Commercial crime – insurance and risk issues from COVID-19

Traditionally business was at risk of fraudulent conduct by employees from theft of money. Fidelity insurance would cover such exposure. Over time, exposure to “direct financial loss” suffered by business has evolved. Third-party collusion and most recently, technology, are key emerging trends in criminal activity causing companies to suffer loss of money they hold.

Presently, frequency losses are resultant of imitation fraud causing erroneous transfer of funds.  That is, a perpetrator imitates a party in a transaction, and proceeds to induce payment for the fraudster’s benefit.

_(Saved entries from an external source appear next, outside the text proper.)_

lemma norm_Z1_correction_lt_1:
  assumes "Re s \<ge> 20"
  shows "cmod (Z1_correction s) < 1"
proof -
  define L where "L = A_const * s - A_const + 1"
  have "Re L \<ge> 1"
    using assms unfolding L_def by (intro Re_A_const_affine_ge_1) simp
  then have factors:
    "cmod ((s - 2) / (3 * s)) \<le> 1/3" "cmod ((s - 1) / (s + 1)) \<le> 1"
    "cmod ((s - 2) / (3 * s - 2)) \<le> 1/3" "cmod ((s - 2) / s) \<le> 1"
    "cmod ((s - 1) / (3 * s - 1)) \<le> 1/3" "cmod (1 / L) \<le> 1"
    using assms by (intro norm_divide_le_of_Re_Im; simp)+
  have "cmod ((A_const * s - 1) / L) \<le> 1"
    using assms unfolding L_def by (intro norm_A_const_affine_ratio_le) simp
  have two: "cmod (2 :: complex) \<le> 2"
    by (simp add: norm_numeral)
  have ratios: "cmod (xi_ratio (s + 1)) \<le> 3/5" "cmod (xi_ratio (3 * s)) \<le> 3/5"
    "cmod (xi_ratio (2 * s)) \<le> 3/5" "cmod (xi_ratio s) \<le> 3/5" "cmod (xi_ratio (3 * s - 1)) \<le> 3/5"
    using assms by (intro norm_xi_ratio_le; simp)+
  let ?t1 = "(s - 2) / (3 * s) * (1 / L) * xi_ratio (s + 1) * xi_ratio (3 * s)"
  let ?t2 = "2 * ((s - 1) / (s + 1)) * ((s - 2) / (3 * s - 2)) * (1 / L) * xi_ratio (s + 1)"
  let ?t3 = "(s - 1) / (s + 1) * ((s - 2) / s) * ((A_const * s - 1) / L)
    * xi_ratio (2 * s) * xi_ratio s * xi_ratio (s + 1) * xi_ratio (3 * s - 1) * xi_ratio (3 * s)"
  let ?t4 = "(s - 2) / (3 * s) * (1 / L) * xi_ratio (2 * s) * xi_ratio (s + 1) * xi_ratio (3 * s)"
  let ?t5 = "2 * ((s - 1) / (3 * s - 1)) * (1 / L)
    * xi_ratio (2 * s) * xi_ratio (s + 1) * xi_ratio (3 * s - 1) * xi_ratio (3 * s)"
  have "Z1_correction s = ?t1 + ?t2 + ?t3 + ?t4 + ?t5"
    by (simp only: Z1_correction_def L_def)
  then have "cmod (Z1_correction s) \<le> cmod ?t1 + cmod ?t2 + cmod ?t3 + cmod ?t4 + cmod ?t5"
    by (simp only:) (intro order_trans[OF norm_triangle_ineq] add_mono order_refl)
  moreover have "cmod ?t1 \<le> 1/3 * 1 * (3/5) * (3/5)"
    "cmod ?t2 \<le> 2 * 1 * (1/3) * 1 * (3/5)"
    "cmod ?t3 \<le> 1 * 1 * 1 * (3/5) * (3/5) * (3/5) * (3/5) * (3/5)"
    "cmod ?t4 \<le> 1/3 * 1 * (3/5) * (3/5) * (3/5)"
    "cmod ?t5 \<le> 2 * (1/3) * 1 * (3/5) * (3/5) * (3/5) * (3/5)"
    by (intro norm_mult_le_mult factors ratios two \<open>cmod ((A_const * s - 1) / L) \<le> 1\<close>)+
  ultimately show ?thesis
    by linarith
qed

This is otherwise known as “social engineering” fraud”: all businesses are exposed to this risk.

Commercial crime cover indemnifies the policyholder for both “internal” and “external” fraudulent acts causing business “direct financial loss” of “Money” and “Tangible Property”. Cover may extend to:

  1. fraud or dishonesty committed by an Employee, whether acting alone or in collusion with others;

  2. computer fraud committed by a third party;

  3. funds transfer and credit card fraud;

  4. unlawful taking of ‘money’ from the policyholder’s premises, or bank, or whilst in transit to and from premises/bank, or whilst being held by a director or employee at their premises;

  5. alteration of a financial instruments such as cheques, bonds, currency and travellers’ cheques.

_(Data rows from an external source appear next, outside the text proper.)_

(* Let $G$ be a graph and $\{\hat C,\hat I,\hat Q\}$ a partition of $V(G)$ (parts may be empty) such that: (1) $\hat C$ is a clique and $\hat I$ is an independent set; (2) $\hat Q$ is a clique or an independent set, and $|\hat Q|\ge2$; (3) every vertex of $\hat Q$ is adjacent to every vertex of $\hat C$ and to no vertex of $\hat I$; (4) if $\hat Q$ is a clique, every vertex of $\hat C$ has a neighbor in $\hat I$; (5) if $\hat Q$ is an independent set, every vertex of $\hat I$ has a non-neighbor in $\hat C$. Then $G$ is a split graph, and $\hat C$, $\hat I$, $\hat Q$ are respectively its always-clique set, always-independent set, and questioning set.
   Context: A split partition of a graph $G$ is an ordered pair $(C',I')$ of disjoint sets (possibly empty) with $C'\cup I'=V(G)$, $C'$ a clique and $I'$ an independent set; $G$ is a split graph if it has a split partition. The always-clique set of a split graph is the set of vertices lying in $C'$ for every split partition $(C',I')$; the always-independent set is the set of vertices lying in $I'$ for every split partition; the questioning set is the set of vertices $v$ for which there is a split partition with $v\in C'$ and a split partition with $v\in I'$. *)

theory Defs
  imports Main
begin

text \<open>A (finite, simple) graph is given by a finite vertex set V and a symmetric,
irreflexive adjacency relation E (only its restriction to V matters).\<close>

definition graph :: "'a set \<Rightarrow> ('a \<Rightarrow> 'a \<Rightarrow> bool) \<Rightarrow> bool" where
  "graph V E \<longleftrightarrow> finite V \<and> (\<forall>u v. E u v \<longrightarrow> E v u) \<and> (\<forall>v. \<not> E v v)"

definition is_clique :: "('a \<Rightarrow> 'a \<Rightarrow> bool) \<Rightarrow> 'a set \<Rightarrow> bool" where
  "is_clique E S \<longleftrightarrow> (\<forall>u\<in>S. \<forall>v\<in>S. u \<noteq> v \<longrightarrow> E u v)"

definition is_independent :: "('a \<Rightarrow> 'a \<Rightarrow> bool) \<Rightarrow> 'a set \<Rightarrow> bool" where
  "is_independent E S \<longleftrightarrow> (\<forall>u\<in>S. \<forall>v\<in>S. \<not> E u v)"

definition split_partition :: "'a set \<Rightarrow> ('a \<Rightarrow> 'a \<Rightarrow> bool) \<Rightarrow> 'a set \<Rightarrow> 'a set \<Rightarrow> bool" where
  "split_partition V E C I \<longleftrightarrow> C \<inter> I = {} \<and> C \<union> I = V \<and> is_clique E C \<and> is_independent E I"

definition split_graph :: "'a set \<Rightarrow> ('a \<Rightarrow> 'a \<Rightarrow> bool) \<Rightarrow> bool" where
  "split_graph V E \<longleftrightarrow> (\<exists>C I. split_partition V E C I)"

definition always_clique :: "'a set \<Rightarrow> ('a \<Rightarrow> 'a \<Rightarrow> bool) \<Rightarrow> 'a set" where
  "always_clique V E = {v \<in> V. \<forall>C I. split_partition V E C I \<longrightarrow> v \<in> C}"

definition always_independent :: "'a set \<Rightarrow> ('a \<Rightarrow> 'a \<Rightarrow> bool) \<Rightarrow> 'a set" where
  "always_independent V E = {v \<in> V. \<forall>C I. split_partition V E C I \<longrightarrow> v \<in> I}"

definition questioning :: "'a set \<Rightarrow> ('a \<Rightarrow> 'a \<Rightarrow> bool) \<Rightarrow> 'a set" where
  "questioning V E = {v \<in> V. (\<exists>C I. split_partition V E C I \<and> v \<in> C) \<and>
                               (\<exists>C I. split_partition V E C I \<and> v \<in> I)}"

end

theory Submission
  imports Defs
begin

text \<open>In every split partition \<open>(C', I')\<close> the clique \<open>Q\<close> has a vertex in \<open>C'\<close>; being adjacent to
  all of \<open>C\<close> and to nothing in \<open>I\<close>, that vertex forces \<open>I \<subseteq> I'\<close>, and then the neighbours in \<open>I\<close>
  of the vertices of \<open>C\<close> force \<open>C \<subseteq> C'\<close>. Moving one vertex of \<open>Q\<close> to the independent side of the
  split partition \<open>(C \<union> Q, I)\<close> shows that every vertex of \<open>Q\<close> can lie on either side. The case of
  an independent \<open>Q\<close> is the same statement for the complementary graph, in which split partitions
  \<open>(C', I')\<close> become \<open>(I', C')\<close>.\<close>

definition graph_complement :: "('a \<Rightarrow> 'a \<Rightarrow> bool) \<Rightarrow> 'a \<Rightarrow> 'a \<Rightarrow> bool" where
  "graph_complement E u v \<longleftrightarrow> u \<noteq> v \<and> \<not> E u v"

lemma graph_graph_complement: "graph V E \<Longrightarrow> graph V (graph_complement E)"
  unfolding graph_def graph_complement_def by blast

lemma is_clique_graph_complement_iff:
  "(\<forall>v. \<not> E v v) \<Longrightarrow> is_clique (graph_complement E) S \<longleftrightarrow> is_independent E S"
  unfolding is_clique_def is_independent_def graph_complement_def by metis

lemma is_independent_graph_complement_iff:
  "is_independent (graph_complement E) S \<longleftrightarrow> is_clique E S"
  unfolding is_clique_def is_independent_def graph_complement_def by blast

lemma split_partition_graph_complement_iff:
  "(\<forall>v. \<not> E v v) \<Longrightarrow> split_partition V (graph_complement E) I C \<longleftrightarrow> split_partition V E C I"
  unfolding split_partition_def
  by (auto simp: is_clique_graph_complement_iff is_independent_graph_complement_iff)

lemma split_classes_graph_complement:
  assumes "\<forall>v. \<not> E v v"
  shows "split_graph V (graph_complement E) \<longleftrightarrow> split_graph V E"
    and "always_clique V (graph_complement E) = always_independent V E"
    and "always_independent V (graph_complement E) = always_clique V E"
    and "questioning V (graph_complement E) = questioning V E"
  using split_partition_graph_complement_iff[of E V, OF assms]
  unfolding split_graph_def always_clique_def always_independent_def questioning_def by blast+

lemma split_partition_meets_clique:
  assumes "split_partition V E C' I'" and "is_clique E Q" and "Q \<subseteq> V"
    and "a \<in> Q" and "b \<in> Q" and "a \<noteq> b"
  obtains q where "q \<in> Q" and "q \<in> C'"
  using assms unfolding split_partition_def is_clique_def is_independent_def by blast

lemma split_classes_eqI:
  assumes "split_graph V E"
    and cover: "C \<union> I \<union> Q = V"
    and bounds: "\<And>C' I'. split_partition V E C' I' \<Longrightarrow> C \<subseteq> C' \<and> I \<subseteq> I'"
    and in_clique: "\<And>q. q \<in> Q \<Longrightarrow> \<exists>C' I'. split_partition V E C' I' \<and> q \<in> C'"
    and in_independent: "\<And>q. q \<in> Q \<Longrightarrow> \<exists>C' I'. split_partition V E C' I' \<and> q \<in> I'"
  shows "always_clique V E = C \<and> always_independent V E = I \<and> questioning V E = Q"
proof -
  obtain C0 I0 where p0: "split_partition V E C0 I0"
    using assms(1) unfolding split_graph_def by blast
  have disjoint: "v \<notin> I'" if "split_partition V E C' I'" "v \<in> C'" for v C' I'
    using that unfolding split_partition_def by blast
  have not_always_clique: "v \<notin> always_clique V E" if "v \<in> I \<union> Q" for v
  proof -
    obtain C' I' where "split_partition V E C' I'" "v \<in> I'"
      using \<open>v \<in> I \<union> Q\<close> p0 bounds in_independent by blast
    then show ?thesis unfolding always_clique_def using disjoint by blast
  qed
  have not_always_independent: "v \<notin> always_independent V E" if "v \<in> C \<union> Q" for v
  proof -
    obtain C' I' where "split_partition V E C' I'" "v \<in> C'"
      using \<open>v \<in> C \<union> Q\<close> p0 bounds in_clique by blast
    then show ?thesis unfolding always_independent_def using disjoint by blast
  qed
  have "always_clique V E = C"
    using cover bounds not_always_clique unfolding always_clique_def by blast
  moreover have "always_independent V E = I"
    using cover bounds not_always_independent unfolding always_independent_def by blast
  moreover have "questioning V E = Q"
    using cover bounds disjoint in_clique in_independent unfolding questioning_def by blast
  ultimately show ?thesis by blast
qed

context
  fixes V :: "'a set" and E :: "'a \<Rightarrow> 'a \<Rightarrow> bool" and C I Q :: "'a set"
  assumes graph: "graph V E"
    and cover: "C \<union> I \<union> Q = V"
    and disjoint: "C \<inter> I = {}" "C \<inter> Q = {}" "I \<inter> Q = {}"
    and C_clique: "is_clique E C" and I_independent: "is_independent E I"
    and Q_clique: "is_clique E Q"
    and Q_adjacency: "\<forall>q\<in>Q. (\<forall>c\<in>C. E q c) \<and> (\<forall>i\<in>I. \<not> E q i)"
    and C_neighbours_in_I: "\<forall>c\<in>C. \<exists>i\<in>I. E c i"
begin

lemma adjacent_Q_C: "q \<in> Q \<Longrightarrow> c \<in> C \<Longrightarrow> E q c \<and> E c q"
  using Q_adjacency graph unfolding graph_def by blast

lemma nonadjacent_Q_I: "q \<in> Q \<Longrightarrow> i \<in> I \<Longrightarrow> \<not> E q i \<and> \<not> E i q"
  using Q_adjacency graph unfolding graph_def by blast

lemma split_partition_union_Q: "split_partition V E (C \<union> Q) I"
  using cover disjoint C_clique I_independent Q_clique adjacent_Q_C
  unfolding split_partition_def is_clique_def by blast

lemma split_partition_move_from_Q:
  assumes "q \<in> Q"
  shows "split_partition V E (C \<union> Q - {q}) (I \<union> {q})"
proof -
  have "is_clique E (C \<union> Q - {q})"
    using C_clique Q_clique adjacent_Q_C unfolding is_clique_def by blast
  moreover have "is_independent E (I \<union> {q})"
    using I_independent nonadjacent_Q_I assms graph unfolding is_independent_def graph_def by blast
  ultimately show ?thesis
    using cover disjoint assms unfolding split_partition_def by blast
qed

lemma split_partition_bounds:
  assumes split: "split_partition V E C' I'" and two: "a \<in> Q" "b \<in> Q" "a \<noteq> b"
  shows "C \<subseteq> C' \<and> I \<subseteq> I'"
proof -
  have cover': "v \<in> C' \<or> v \<in> I'" if "v \<in> V" for v
    using split that unfolding split_partition_def by blast
  have clique': "E u v" if "u \<in> C'" "v \<in> C'" "u \<noteq> v" for u v
    using split that unfolding split_partition_def is_clique_def by blast
  have independent': "\<not> E u v" if "u \<in> I'" "v \<in> I'" for u v
    using split that unfolding split_partition_def is_independent_def by blast
  obtain q where q: "q \<in> Q" "q \<in> C'"
    using split_partition_meets_clique[OF split Q_clique _ two] cover by blast
  have I_not_C': "i \<notin> C'" if i: "i \<in> I" for i
  proof
    assume "i \<in> C'"
    moreover have "q \<noteq> i" using q i disjoint by blast
    ultimately have "E q i" using clique' q by blast
    then show False using nonadjacent_Q_I q i by blast
  qed
  have I_sub: "I \<subseteq> I'" using cover cover' I_not_C' by blast
  moreover have "C \<subseteq> C'"
  proof
    fix c assume c: "c \<in> C"
    then obtain i where i: "i \<in> I" "E c i" using C_neighbours_in_I by blast
    have "c \<in> V" using c cover by blast
    moreover have "c \<notin> I'" using independent' i I_sub by blast
    ultimately show "c \<in> C'" using cover' by blast
  qed
  ultimately show ?thesis by blast
qed

lemma split_classes_of_clique_part:
  assumes "a \<in> Q" "b \<in> Q" "a \<noteq> b"
  shows "split_graph V E \<and> always_clique V E = C \<and> always_independent V E = I
    \<and> questioning V E = Q"
proof -
  have "split_graph V E"
    using split_partition_union_Q unfolding split_graph_def by blast
  moreover have "always_clique V E = C \<and> always_independent V E = I \<and> questioning V E = Q"
  proof (rule split_classes_eqI[OF \<open>split_graph V E\<close> cover])
    show "C \<subseteq> C' \<and> I \<subseteq> I'" if "split_partition V E C' I'" for C' I'
      using split_partition_bounds[OF that assms] .
    show "\<exists>C' I'. split_partition V E C' I' \<and> q \<in> C'" if "q \<in> Q" for q
      using split_partition_union_Q that by blast
    show "\<exists>C' I'. split_partition V E C' I' \<and> q \<in> I'" if "q \<in> Q" for q
      using split_partition_move_from_Q[OF that] by blast
  qed
  ultimately show ?thesis by blast
qed

end

lemma split_classes_of_independent_part:
  assumes "graph V E"
    and "C \<union> I \<union> Q = V" and "C \<inter> I = {}" and "C \<inter> Q = {}" and "I \<inter> Q = {}"
    and "is_clique E C" and "is_independent E I" and "is_independent E Q"
    and "\<forall>q\<in>Q. (\<forall>c\<in>C. E q c) \<and> (\<forall>i\<in>I. \<not> E q i)"
    and "\<forall>i\<in>I. \<exists>c\<in>C. \<not> E i c"
    and "a \<in> Q" and "b \<in> Q" and "a \<noteq> b"
  shows "split_graph V E \<and> always_clique V E = C \<and> always_independent V E = I
    \<and> questioning V E = Q"
proof -
  have irreflexive: "\<forall>v. \<not> E v v" using \<open>graph V E\<close> unfolding graph_def by blast
  have "split_graph V (graph_complement E) \<and> always_clique V (graph_complement E) = I
    \<and> always_independent V (graph_complement E) = C \<and> questioning V (graph_complement E) = Q"
  proof (rule split_classes_of_clique_part[where E = "graph_complement E" and C = I and I = C])
    show "graph V (graph_complement E)" using \<open>graph V E\<close> by (rule graph_graph_complement)
    show "I \<union> C \<union> Q = V" "I \<inter> C = {}" "I \<inter> Q = {}" "C \<inter> Q = {}"
      using assms(2-5) by blast+
    show "is_clique (graph_complement E) I" "is_independent (graph_complement E) C"
      "is_clique (graph_complement E) Q"
      using assms(6-8) is_clique_graph_complement_iff[where E = E, OF irreflexive]
      by (simp_all add: is_independent_graph_complement_iff)
    show "\<forall>q\<in>Q. (\<forall>i\<in>I. graph_complement E q i) \<and> (\<forall>c\<in>C. \<not> graph_complement E q c)"
      using assms(4,5,9) unfolding graph_complement_def by blast
    show "\<forall>i\<in>I. \<exists>c\<in>C. graph_complement E i c"
      using assms(3,10) unfolding graph_complement_def by fastforce
  qed (use assms(11-13) in blast)+
  then show ?thesis using split_classes_graph_complement[where E = E, OF irreflexive] by simp
qed

theorem lemma8p5:
  fixes V :: "'a set" and E :: "'a \<Rightarrow> 'a \<Rightarrow> bool" and C I Q :: "'a set"
  assumes "graph V E"
    and "C \<union> I \<union> Q = V" and "C \<inter> I = {}" and "C \<inter> Q = {}" and "I \<inter> Q = {}"
    and "is_clique E C" and "is_independent E I"
    and "is_clique E Q \<or> is_independent E Q" and "card Q \<ge> 2"
    and "\<forall>q\<in>Q. (\<forall>c\<in>C. E q c) \<and> (\<forall>i\<in>I. \<not> E q i)"
    and "is_clique E Q \<longrightarrow> (\<forall>c\<in>C. \<exists>i\<in>I. E c i)"
    and "is_independent E Q \<longrightarrow> (\<forall>i\<in>I. \<exists>c\<in>C. \<not> E i c)"
  shows "split_graph V E \<and> always_clique V E = C \<and> always_independent V E = I
         \<and> questioning V E = Q"
proof -
  have "finite Q" and "\<not> card Q \<le> Suc 0"
    using \<open>card Q \<ge> 2\<close> card_gt_0_iff[of Q] by auto
  then obtain a b where two: "a \<in> Q" "b \<in> Q" "a \<noteq> b"
    using card_le_Suc0_iff_eq by blast
  from \<open>is_clique E Q \<or> is_independent E Q\<close> show ?thesis
  proof
    assume "is_clique E Q"
    then show ?thesis
      using split_classes_of_clique_part[OF assms(1-7) _ assms(10) _ two] assms(11) by blast
  next
    assume "is_independent E Q"
    then show ?thesis
      using split_classes_of_independent_part[OF assms(1-7) _ assms(10) _ two] assms(12) by blast
  qed
qed

end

Coverage is very different across the insurance market for crime. Where cover is extended under a management liability policy, brokers and their clients should be very careful as to insurers’ intent. There have been many insurers who do not price crime risk accordingly, and in the event of a claim take adverse coverage positions.

Steps to take

There is overlap between crime, industrial special risks and cyber policies. As such risk management required by insurers will be common across those products:

  1. training on ‘social engineering fraud’, in particular, strict measures on thorough identification of authors requesting transfers;

  2. multi-factor authentication;

  3. vulnerability and penetration testing of network;

  4. ensuring strict security and facilities management during an unoccupancy of premises.